When AT&T first took over HBO last year, John Stankey sounded the alarm that HBO would have to go bigger and broader, which caused consternation among Hollywood that HBO’s prestige brand would become watered down — those fears were raised even further when longtime HBO CEO Richard Plepler left. But despite Stankey and HBO programming chief Casey Bloys promising that nothing would change with HBO, it’s clear that AT&T is tying HBO Max at the hip to the celebrated brand.

“To me, HBO is — and was — special because everything is/was bespoke and dependably high quality and provocative. It was the true Tiffany network, a boutique platform,” said Neil Landau, screenwriter and UCLA professor. “Now, by necessity, if it’s going to compete with Netflix, Amazon, Peacock, Apple, and Disney+, HBO Max is going to have to cast a much broader net. It may not follow the binge/full season drop a la Netflix, but its business model will be the same as theirs: variety plus exclusivity. Something for everyone. I can see an exponential drop in quality and curation.”

WarnerMedia is launching its service next May, which will come six months after both Apple TV+ (launching Friday) and Disney+, and around the same time as NBCUniversal’s own streaming play Peacock. The space is filling so quickly and it’s hard to imagine consumers will be willing to fork over cash for all of them.

That’s why the three newcomers are all working on ways to get their service out to as many people for little to no extra cash. If you’re already paying for HBO, HBO Max is the same price and has HBO included.
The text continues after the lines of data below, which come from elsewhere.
(* Let $1\leq e_1\leq\cdots\leq e_m$ be integers, let $b_i$ be integers with $0\leq b_i\leq e_i-1$ for $i=1,\ldots,m$, and let $b_0\geq1$ be an integer. Then for every $k=0,\ldots,m-1$, $$\prod_{i=1}^m(e_i-b_i)\geq\Big(\sum_{i=1}^{k+1}(e_i-b_i)-(k-1)-b_0-\sum_{i=k+2}^m b_i\Big)e_{k+2}\cdots e_m,$$ where for $k=m-1$ the product $e_{k+2}\cdots e_m$ is $1$ and the sum $\sum_{i=k+2}^m b_i$ is $0$. *)

theory Defs
  imports Main
begin

end

theory Submission
  imports Defs
begin

text \<open>
  Put \<open>a\<^sub>i = e\<^sub>i - b\<^sub>i\<close> for \<open>i \<le> k+1\<close>, and \<open>x\<^sub>j = e\<^sub>j - b\<^sub>j \<le> y\<^sub>j = e\<^sub>j\<close> for
  \<open>j \<ge> k+2\<close>. By monotonicity every \<open>a\<^sub>i\<close> is at most \<open>f = e(k+1)\<close>, and every \<open>y\<^sub>j\<close> at
  least \<open>f\<close>. Since \<open>b\<^sub>0 \<ge> 1\<close>, it suffices to show
  \<open>(1 + \<Sum>(a\<^sub>i - 1) - \<Sum>(y\<^sub>j - x\<^sub>j)) \<Prod>y\<^sub>j \<le> \<Prod>a\<^sub>i \<Prod>x\<^sub>j\<close>.
  This is proved by peeling off factors: an \<open>a\<close> alone when the remaining balance
  \<open>V\<close> is at least 1 (as \<open>V + a - 1 \<le> a V\<close>), a pair \<open>(x, y)\<close> alone when the remaining
  balance \<open>W\<close> is at most \<open>y\<close> (as \<open>(W + x - y) y \<le> x W\<close>), and otherwise an \<open>a\<close>
  together with a pair \<open>(x, y)\<close>.
\<close>

lemma excess_mult_le:
  fixes a v y r :: "'a::linordered_idom"
  assumes "v * y \<le> r" "1 \<le> a" "1 \<le> v" "0 \<le> y"
  shows "(v + a - 1) * y \<le> a * r"
proof -
  have "0 \<le> (a - 1) * (v - 1)" using assms by simp
  then have "v + a - 1 \<le> a * v" by (simp add: algebra_simps)
  then have "(v + a - 1) * y \<le> a * (v * y)"
    using assms(4) by (metis mult.assoc mult_right_mono)
  also have "\<dots> \<le> a * r" using assms by (simp add: mult_left_mono)
  finally show ?thesis .
qed

lemma shortfall_mult_le:
  fixes w x y z r :: "'a::linordered_idom"
  assumes "w * z \<le> r" "w \<le> y" "0 \<le> x" "x \<le> y" "0 \<le> z" "0 \<le> r"
  shows "(w + x - y) * (y * z) \<le> x * r"
proof (cases "0 \<le> w")
  case True
  have "0 \<le> (y - x) * (y - w)" using assms by simp
  then have "(w + x - y) * y \<le> x * w" by (simp add: algebra_simps)
  then have "(w + x - y) * (y * z) \<le> x * (w * z)"
    using assms(5) by (metis mult.assoc mult_right_mono)
  also have "\<dots> \<le> x * r" using assms by (simp add: mult_left_mono)
  finally show ?thesis .
next
  case False
  then have "(w + x - y) * (y * z) \<le> 0"
    using assms by (intro mult_nonpos_nonneg) auto
  also have "0 \<le> x * r" using assms by simp
  finally show ?thesis .
qed

lemma pairing_mult_le:
  fixes a w x y z r :: "'a::linordered_idom"
  assumes "w * z \<le> r" "1 \<le> w" "w \<le> y" "1 \<le> a" "a \<le> y" "1 \<le> x" "x \<le> y" "0 \<le> z"
  shows "(w + a - 1 + x - y) * (y * z) \<le> a * x * r"
proof -
  have "(w + a - 1 + x - y) * y \<le> a * x * w"
  proof (cases "y = 1")
    case True
    then show ?thesis using assms by (simp add: order_antisym)
  next
    case False
    \<comment> \<open>The difference of the two sides is affine in x and nonnegative at x = 1 and at x = y.\<close>
    have "(y - 1) * (a * x * w - (w + a - 1 + x - y) * y)
        = (y - x) * ((y - a) * (y - w)) + (x - 1) * (y * ((a - 1) * (w - 1)))"
      by (simp add: algebra_simps)
    also have "0 \<le> \<dots>" using assms by simp
    finally show ?thesis using False assms by (simp add: zero_le_mult_iff)
  qed
  then have "(w + a - 1 + x - y) * (y * z) \<le> a * x * (w * z)"
    using assms(8) by (metis mult.assoc mult_right_mono)
  also have "\<dots> \<le> a * x * r" using assms by (simp add: mult_left_mono)
  finally show ?thesis .
qed

definition balance :: "int list \<Rightarrow> (int \<times> int) list \<Rightarrow> int" where
  "balance as ts = 1 + (\<Sum>a\<leftarrow>as. a - 1) - (\<Sum>t\<leftarrow>ts. snd t - fst t)"

lemma balance_Cons_left [simp]: "balance (a # as) ts = balance as ts + a - 1"
  by (simp add: balance_def)

lemma balance_Cons_right [simp]: "balance as ((x, y) # ts) = balance as ts + x - y"
  by (simp add: balance_def)

lemma balance_Nil_right_ge: "\<forall>a\<in>set as. 1 \<le> a \<Longrightarrow> 1 \<le> balance as []"
  unfolding balance_def by (induction as) auto

lemma balance_Nil_left_le: "\<forall>(x, y)\<in>set ts. x \<le> y \<Longrightarrow> balance [] ts \<le> 1"
  unfolding balance_def by (induction ts) auto

lemma balance_cases:
  assumes "\<forall>a\<in>set as. 1 \<le> a" and "\<forall>(x, y)\<in>set ts. 1 \<le> x \<and> x \<le> y"
  obtains (excess) a as' where "as = a # as'" "1 \<le> balance as' ts"
    | (empty) "ts = []" "as = []"
    | (shortfall) x y ts' where "ts = (x, y) # ts'" "balance as ts' \<le> y"
    | (pairing) a as' x y ts' where "as = a # as'" "ts = (x, y) # ts'"
        "y < balance as ts'" "balance as' ts < 1"
proof (cases "\<exists>a as'. as = a # as' \<and> 1 \<le> balance as' ts")
  case True
  then show thesis using excess by blast
next
  case no_excess: False
  show thesis
  proof (cases ts)
    case Nil
    then show thesis using no_excess empty assms(1) balance_Nil_right_ge[of "tl as"]
      by (cases as) auto
  next
    case (Cons t ts')
    obtain x y where t: "t = (x, y)" by force
    show thesis
    proof (cases "balance as ts' \<le> y")
      case True
      then show thesis using shortfall Cons t by blast
    next
      case large: False
      have "1 \<le> y" using assms(2) Cons t by auto
      then have "as \<noteq> []" using large balance_Nil_left_le[of ts'] assms(2) Cons by fastforce
      then show thesis using pairing no_excess large Cons t by (cases as) auto
    qed
  qed
qed

lemma balance_mult_le_prod_list:
  fixes as :: "int list" and ts :: "(int \<times> int) list" and f :: int
  assumes "\<forall>a\<in>set as. 1 \<le> a \<and> a \<le> f"
    and "\<forall>(x, y)\<in>set ts. 1 \<le> x \<and> x \<le> y \<and> f \<le> y"
  shows "balance as ts * (\<Prod>t\<leftarrow>ts. snd t) \<le> prod_list as * (\<Prod>t\<leftarrow>ts. fst t)"
  using assms
proof (induction "length as + length ts" arbitrary: as ts rule: less_induct)
  case less
  have as_nonneg: "0 \<le> prod_list as"
    using less.prems(1) by (intro prod_list_nonneg) force
  have ts_nonneg: "0 \<le> (\<Prod>t\<leftarrow>ts'. fst t)" "0 \<le> (\<Prod>t\<leftarrow>ts'. snd t)" if "set ts' \<subseteq> set ts" for ts'
    using less.prems(2) that by (auto intro!: prod_list_nonneg) fastforce+
  have "\<forall>a\<in>set as. 1 \<le> a" "\<forall>(x, y)\<in>set ts. 1 \<le> x \<and> x \<le> y"
    using less.prems by auto
  then show ?case
  proof (cases rule: balance_cases)
    case (excess a as')
    have "(balance as' ts + a - 1) * (\<Prod>t\<leftarrow>ts. snd t) \<le> a * (prod_list as' * (\<Prod>t\<leftarrow>ts. fst t))"
      using less.hyps[of as' ts] less.prems ts_nonneg(2)[of ts] excess
      by (intro excess_mult_le) auto
    then show ?thesis using excess by (simp add: algebra_simps)
  next
    case empty
    then show ?thesis by (simp add: balance_def)
  next
    case (shortfall x y ts')
    have "(balance as ts' + x - y) * (y * (\<Prod>t\<leftarrow>ts'. snd t)) \<le> x * (prod_list as * (\<Prod>t\<leftarrow>ts'. fst t))"
      using less.hyps[of as ts'] less.prems ts_nonneg[of ts'] as_nonneg shortfall
        set_subset_Cons[of ts' "(x, y)"]
      by (intro shortfall_mult_le) auto
    then show ?thesis using shortfall by (simp add: algebra_simps)
  next
    case (pairing a as' x y ts')
    have "(balance as' ts' + a - 1 + x - y) * (y * (\<Prod>t\<leftarrow>ts'. snd t))
        \<le> a * x * (prod_list as' * (\<Prod>t\<leftarrow>ts'. fst t))"
      using less.hyps[of as' ts'] less.prems ts_nonneg(2)[of ts'] pairing
        set_subset_Cons[of ts' "(x, y)"]
      by (intro pairing_mult_le) auto
    then show ?thesis using pairing by (simp add: algebra_simps)
  qed
qed

lemma balance_mult_le_prod_interval:
  fixes x y :: "nat \<Rightarrow> int" and n m :: nat and f :: int
  assumes "n \<le> m"
    and "\<forall>i\<in>{1..n}. 1 \<le> x i \<and> x i \<le> f"
    and "\<forall>j\<in>{n+1..m}. 1 \<le> x j \<and> x j \<le> y j \<and> f \<le> y j"
  shows "(1 + (\<Sum>i=1..n. x i - 1) - (\<Sum>j=n+1..m. y j - x j)) * (\<Prod>j=n+1..m. y j)
    \<le> (\<Prod>i=1..m. x i)"
proof -
  define as where "as = map x [1..<n+1]"
  define ts where "ts = map (\<lambda>j. (x j, y j)) [n+1..<m+1]"
  have "balance as ts * (\<Prod>t\<leftarrow>ts. snd t) \<le> prod_list as * (\<Prod>t\<leftarrow>ts. fst t)"
    using assms(2,3) unfolding as_def ts_def
    by (intro balance_mult_le_prod_list[where f = f]) auto
  moreover have "(\<Prod>i=1..n. x i) * (\<Prod>j=n+1..m. x j) = (\<Prod>i=1..m. x i)"
    using prod.atLeastLessThan_concat[of 1 "n+1" "m+1" x] assms(1)
    by (simp add: atLeastLessThanSuc_atLeastAtMost)
  moreover have "sum_list (map g [i..<j]) = sum g {i..<j}" "prod_list (map g [i..<j]) = prod g {i..<j}"
    for g :: "nat \<Rightarrow> int" and i j
    by (simp_all flip: sum.distinct_set_conv_list prod.distinct_set_conv_list)
  ultimately show ?thesis
    unfolding as_def ts_def balance_def
    by (simp only: map_map o_def fst_conv snd_conv atLeastLessThanSuc_atLeastAtMost Suc_eq_plus1[symmetric])
qed

theorem proposition5p6:
  fixes m k :: nat and e b :: "nat \<Rightarrow> int" and b0 :: int
  assumes e_pos: "\<forall>i\<in>{1..m}. 1 \<le> e i"
    and e_mono: "\<forall>i j. 1 \<le> i \<and> i \<le> j \<and> j \<le> m \<longrightarrow> e i \<le> e j"
    and b_bounds: "\<forall>i\<in>{1..m}. 0 \<le> b i \<and> b i \<le> e i - 1"
    and b0_pos: "b0 \<ge> 1"
    and k_range: "k \<le> m - 1" and m_pos: "m \<ge> 1"
  shows "(\<Prod>i=1..m. e i - b i) \<ge>
    ((\<Sum>i=1..k+1. e i - b i) - (int k - 1) - b0 - (\<Sum>i=k+2..m. b i))
      * (\<Prod>i=k+2..m. e i)"
proof -
  have "k + 1 \<le> m" using k_range m_pos by simp
  have "1 \<le> e i - b i \<and> e i - b i \<le> e (k+1)" if "i \<in> {1..k+1}" for i
    using that \<open>k + 1 \<le> m\<close> b_bounds[rule_format, of i] e_mono[rule_format, of i "k+1"] by auto
  moreover have "1 \<le> e j - b j \<and> e j - b j \<le> e j \<and> e (k+1) \<le> e j" if "j \<in> {k+1+1..m}" for j
    using that b_bounds[rule_format, of j] e_mono[rule_format, of "k+1" j] by auto
  ultimately have "(1 + (\<Sum>i=1..k+1. e i - b i - 1) - (\<Sum>j=k+1+1..m. e j - (e j - b j)))
      * (\<Prod>j=k+1+1..m. e j) \<le> (\<Prod>i=1..m. e i - b i)"
    using balance_mult_le_prod_interval[where n = "k+1" and x = "\<lambda>i. e i - b i" and y = e]
      \<open>k + 1 \<le> m\<close> by blast
  then have "(1 + (\<Sum>i=1..k+1. e i - b i - 1) - (\<Sum>j=k+2..m. b j)) * (\<Prod>j=k+2..m. e j)
      \<le> (\<Prod>i=1..m. e i - b i)"
    by (simp add: numeral_2_eq_2)
  moreover have "(\<Sum>i=1..k+1. e i - b i) - (int k - 1) - b0 - (\<Sum>i=k+2..m. b i)
      \<le> 1 + (\<Sum>i=1..k+1. e i - b i - 1) - (\<Sum>j=k+2..m. b j)"
    using b0_pos by (simp add: sum_subtractf)
  moreover have "0 \<le> (\<Prod>i=k+2..m. e i)"
  proof (rule prod_nonneg)
    fix i assume "i \<in> {k+2..m}"
    then show "0 \<le> e i" using e_pos[rule_format, of i] by simp
  qed
  ultimately show ?thesis
    by (meson mult_right_mono order_trans)
qed

end
lemma tmul_diff_left: "tmul (u - u') v = tmul u v - tmul u' v"
  by (simp add: tmul_def fprod_def)

lemma tmul_gen_left: "tmul (gen (x, h)) v = fext (\<lambda>(y, k). gen (x * y, h * k)) v"
  by (simp add: tmul_def fprod_def case_prod_unfold)

lemma tmul_unit_left: "tmul (gen (b, 1)) v = lmul b (v :: ('a::times \<times> 'h::monoid_mult) fv)"
  unfolding tmul_gen_left lmul_def fmap_def by (rule fext_cong) auto

lemma lmul_tmul: "lmul y (tmul u v) = tmul (lmul y u) (v :: ('a::semigroup_mult \<times> 'b::times) fv)"
  unfolding tmul_def fprod_def lmul_def fmap_def
  by (auto simp: mult.assoc split: prod.split intro!: fext_cong)

lemma lmul_bil_rel:
  assumes "calg sA" "w \<in> bil_rel sA sX"
  shows "lmul y w \<in> bil_rel sA sX"
  unfolding lmul_def fmap_def
  by (rule fext_bil_rel[OF assms(2)])
    (simp_all add: distrib_left calg_mult_scale_right[OF assms(1)] bil_rel_add_left
      bil_rel_add_right bil_rel_scale_left bil_rel_scale_right)

lemma lmul_bal_rel:
  assumes "calg sA" "w \<in> bal_rel sA B"
  shows "lmul y w \<in> bal_rel sA B"
  using assms(2) unfolding lmul_def fmap_def
proof (rule fext_bal_rel)
  fix w assume "w \<in> bil_rel sA sA"
  then show "fext (\<lambda>x. gen (case x of (u, v) \<Rightarrow> (y * u, v))) w \<in> bal_rel sA B"
    using lmul_bil_rel[OF assms(1)] bil_rel_subset_bal_rel unfolding lmul_def fmap_def by blast
qed (simp_all add: mult.assoc[symmetric] bal_rel_balance)

lemma lmul_add_left: "lmul (y + y' :: 'a::ring) w - lmul y w - lmul y' w \<in> bil_rel sA sX"
  unfolding lmul_def fmap_def fext_fun_diff[symmetric]
  by (rule fext_in_subspace) (auto simp: distrib_right bil_rel_add_left)

lemma lmul_scale_left: "calg sA \<Longrightarrow> lmul (sA c y) w - fsc c (lmul y w) \<in> bil_rel sA sX"
  unfolding lmul_def fmap_def fext_fun_fsc[symmetric] fext_fun_diff[symmetric]
  by (rule fext_in_subspace) (auto simp: calg_scale_mult_left bil_rel_scale_left)

lemma ltensor_bil_rel: "w \<in> bil_rel s1 s2 \<Longrightarrow> ltensor a w \<in> tri_rel s0 s1 s2"
  unfolding ltensor_def fmap_def
  by (rule fext_bil_rel)
    (auto intro: tri_rel_add_mid tri_rel_add_right tri_rel_scale_mid tri_rel_scale_right)

lemma ltensor_bal_rel: "w \<in> bal_rel sA B \<Longrightarrow> ltensor a w \<in> tri_bal_rel sA B"
  unfolding ltensor_def fmap_def
proof (rule fext_bal_rel)
  fix w assume "w \<in> bil_rel sA sA"
  then show "fext (\<lambda>x. gen (Pair a x)) w \<in> tri_bal_rel sA B"
    using ltensor_bil_rel tri_rel_subset_tri_bal_rel unfolding ltensor_def fmap_def by blast
qed (auto intro: tri_bal_rel_balance)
Disney cut a deal with Verizon to give its wireless customers a free year, and new Apple consumers will get Apple TV+ free for a year.

But after that, they’ll have to prove themselves to consumers they’re worth the money. The reason cord-cutters cut the cord in the first place is to lower the cost they were paying for television. “Those people will move from service to service,” Martin said.

Maybe that’s why the biggest splash of the day on Tuesday was the announcement of a new “Game of Thrones” series coming to HBO, and thus, HBO Max.